In early 1776, as tensions between the British Empire and the American colonies heated up, the North Carolina Provincial Congress formally asked John Adams of Boston his advice on creating a new government and crafting a constitution. Adams responded by writing a book, Thoughts on Government. Adams wrote, “Government is instituted for the common good; for the protection, safety, prosperity, and happiness of the people; and not for profit, honor or private interest of any one man, family or class of men; therefore, the people alone have an incontestable, unalienable, and indefeasible right to institute government; and to reform, alter, or totally change the same, when the protection, safety, prosperity, and happiness require it.”

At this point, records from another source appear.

text \<open>Gram--Schmidt, one column at a time: the columns outside \<open>S\<close> are already orthogonal to
  all others, and replacing a column by its residual keeps the Gram determinant and does not
  increase the column norms.\<close>

lemma hadamard_inequality_partial:
  fixes B :: "complex^'m^'n"
  assumes "\<And>j k. k \<notin> S \<Longrightarrow> j \<noteq> k \<Longrightarrow> cinner (column j B) (column k B) = 0"
  shows "Im (det (gram B)) = 0 \<and> 0 \<le> Re (det (gram B)) \<and>
    Re (det (gram B)) \<le> (\<Prod>j\<in>UNIV. (norm (column j B))\<^sup>2)"
  using finite[of S] assms
proof (induction S arbitrary: B rule: finite_induct)
  case empty
  then have "det (gram B) = of_real (\<Prod>j\<in>UNIV. (norm (column j B))\<^sup>2)"
    by (intro det_gram_orthogonal_columns) simp
  then show ?case
    by (simp only: Re_complex_of_real Im_complex_of_real) (simp add: prod_nonneg)
next
  case (insert i S)
  obtain x where res: "residual_coeffs B i x"
    using residual_coeffs_exist by blast
  define B' where "B' = B ** column_shear i x"
  have col: "column k B' = (if k = i then column i B - B *v x else column k B)" for k
    by (simp add: B'_def column_matrix_mul_column_shear)
  have "cinner (column j B') (column k B') = 0" if "k \<notin> S" "j \<noteq> k" for j k
    unfolding B'_def using res insert.prems that by (rule cinner_columns_column_shear)
  then have IH: "Im (det (gram B')) = 0 \<and> 0 \<le> Re (det (gram B')) \<and>
      Re (det (gram B')) \<le> (\<Prod>j\<in>UNIV. (norm (column j B'))\<^sup>2)"
    by (rule insert.IH)
  have "(\<Prod>j\<in>UNIV. (norm (column j B'))\<^sup>2) \<le> (\<Prod>j\<in>UNIV. (norm (column j B))\<^sup>2)"
    by (rule prod_mono) (simp add: col norm_residual_le[OF res] power_mono)
  with IH show ?case
    unfolding B'_def det_gram_residual_column[OF res] by linarith
qed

As Independence Day approaches, it’s appropriate to think about whether our governments – local, state and federal – are being run to serve the common good, as Adams suggested, or do they instead serve the immediate ambitions of politicians and the narrow financial interests of crony capitalists and labor unions?

From working in the California Legislature for 24 years, and seeing the actions of Governors and legislators up close, I’ve learned not to accept the glib headlines of how our state government works. Two weeks ago, newspaper headlines boldly proclaimed that the California Legislature had passed the state budget by the June 15 constitutional deadline. An on-time budget! Yippy. To quote Prince, let’s party like it’s 1999! Governor Brown and legislators were treated like conquering Roman generals returning in chariots to the Forum. But shouldn’t we ask whether the state budget promotes the common good?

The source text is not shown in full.